Gene Delivery Therapy Using Supercharged Adeno-Associated Virus Restores Hearing And Balance In Deaf Mice

Using a new gene delivery therapy, researchers restored partial hearing and balance in laboratory mice that were born with a condition that impairs them of both.

Hair Cells Crucial To Hearing And Balance

The research, which was reported in the journal Molecular Therapy, showed that the treatment, which overcomes a barrier to accessing hair cells involved in capturing sound and head movement, leads to significant improvements in hearing. The treatment also led to improvements in the mice's sense of balance.

Hair cells, which serve as delicate sensors in the inner ear, have been difficult to treat. Previous approaches were not very effective because they only reached a set of hair cells in the inner ear. Another subset of these hair cells, which is equally important for hearing, are still largely impenetrable.

Supercharging Adeno-associated Virus As A Gene Carrier

For a gene delivery mechanism that can work for all hair cell types to treat most forms of hearing loss, Casey Maguire, from Harvard Medical School, and colleagues supercharged adeno-associated virus (AAV) , which is already used as a gene delivery tool for retinal disorders.

The researchers used a form of the gene carrier virus enclosed in bubbles of the cell membrane. Also known as exo-AAV, this form of virus binds more easily to the surface of the hair cells and penetrate them more efficiently.

Restored Hearing And Balance In Living Animals

Experiments showed the virus penetrated between 50 and 60 percent of hair cells. In comparison, AAV alone can only reach 20 percent of the cells.

In tests involving living animals, the researchers used mice born without a gene crucial for hair cell function. Animals with this condition do not normally hear even the loudest sounds. They also exhibit poor balance.

The researchers injected the exo-AAV with the missing gene into the inner ear of the animals shortly after birth. Tests later revealed that the gene entered up to 70 percent of the hair cells.

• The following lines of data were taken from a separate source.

(* A perfect Euler cuboid exists if and only if there exist integers $a,b,c,u$ with $c>0$, $0<u/c<1$ and $(a/c,\,b/c)\in D_{ab}$ satisfying the homogeneous Diophantine equation of degree $12$ $$\begin{aligned}&u^4a^4b^4+6a^4u^2b^4c^2-2u^4a^4b^2c^2-2u^4a^2b^4c^2+4u^2b^4a^2c^4+4a^4u^2b^2c^4-12u^4a^2b^2c^4\\&+u^4a^4c^4+u^4b^4c^4+a^4b^4c^4+6a^4u^2c^6+6u^2b^4c^6-8a^2b^2u^2c^6-2u^4a^2c^6-2u^4b^2c^6\\&-2a^4b^2c^6-2b^4a^2c^6+u^4c^8+b^4c^8+a^4c^8+4a^2u^2c^8+4b^2u^2c^8-12b^2a^2c^8\\&+6u^2c^{10}-2a^2c^{10}-2b^2c^{10}+c^{12}=0.\end{aligned}$$
   Context: An Euler cuboid is a rectangular parallelepiped whose three edge lengths and three face diagonal lengths are all positive integers; a perfect Euler cuboid is an Euler cuboid whose space diagonal also has integer length, i.e. a $7$-tuple of positive integers $(a,b,c,\alpha,\beta,\gamma,d)$ with $a^2+b^2=\gamma^2$, $b^2+c^2=\alpha^2$, $c^2+a^2=\beta^2$, $a^2+b^2+c^2=d^2$ (these letters are unrelated to the integer unknowns $a,b,c,u$ of the claim). Let $D_{uz}=\{(u,z)\in\mathbb{R}^2: 0<u<1,\ 0<z<1\}$. Define $f\colon D_{uz}\to\mathbb{R}^2$ by $f(u,z)=(a(u,z),b(u,z))$, where $a(u,z)$ and $b(u,z)$ are the positive real numbers determined by $$a^2=\frac{u^2+z^2}{u^2z^2+1},\qquad b^2=\frac{(1+u^2)(1+z^2)-2z(1-u^2)}{(1+u^2)(1+z^2)+2z(1-u^2)}$$ (both right-hand sides are positive on $D_{uz}$), and let $D_{ab}=f(D_{uz})$. *)

theory Defs
  imports Complex_Main
begin

definition perfect_euler_cuboid :: "nat \<Rightarrow> nat \<Rightarrow> nat \<Rightarrow> nat \<Rightarrow> nat \<Rightarrow> nat \<Rightarrow> nat \<Rightarrow> bool" where
  "perfect_euler_cuboid a b c \<alpha> \<beta> \<gamma> d \<longleftrightarrow>
     a > 0 \<and> b > 0 \<and> c > 0 \<and> \<alpha> > 0 \<and> \<beta> > 0 \<and> \<gamma> > 0 \<and> d > 0 \<and>
     a^2 + b^2 = \<gamma>^2 \<and> b^2 + c^2 = \<alpha>^2 \<and> c^2 + a^2 = \<beta>^2 \<and> a^2 + b^2 + c^2 = d^2"

definition D_uz :: "(real \<times> real) set" where
  "D_uz = {(u, z). 0 < u \<and> u < 1 \<and> 0 < z \<and> z < 1}"

definition f_a :: "real \<Rightarrow> real \<Rightarrow> real" where
  "f_a u z = sqrt ((u^2 + z^2) / (u^2 * z^2 + 1))"

definition f_b :: "real \<Rightarrow> real \<Rightarrow> real" where
  "f_b u z = sqrt (((1 + u^2) * (1 + z^2) - 2 * z * (1 - u^2)) /
                   ((1 + u^2) * (1 + z^2) + 2 * z * (1 - u^2)))"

Nine of the 12 mice that received treatment had some form of hearing restored and even responded to loud clap a month following the treatment. Four of the animals hear sounds equal to that in conversations in loud restaurants. The treated mice also exhibit improved balance.

The researchers plan to test the method in other forms of deafness including those that cause both blindness and deafness.

"Exo-AAV1 gene therapy partially rescues hearing in a mouse model of hereditary deafness (lipoma HMGIC fusion partner-like 5/tetraspan membrane protein of hair cell stereocilia," researchers wrote in their study. "Exo-AAV is a powerful gene delivery system for hair cell research and may be useful for gene therapy for deafness."

Hearing Loss And Deafness In The United States

Figures from the CDC show that about 30 million people in the United States suffer from hearing loss. One in 1,000 babies born each year have hearing impairment. Up to 60 percent of hearing loss in babies can be blamed on genetic factors but a number of environmental factors can cause hearing loss as well such as maternal infection during pregnancy and complications after birth.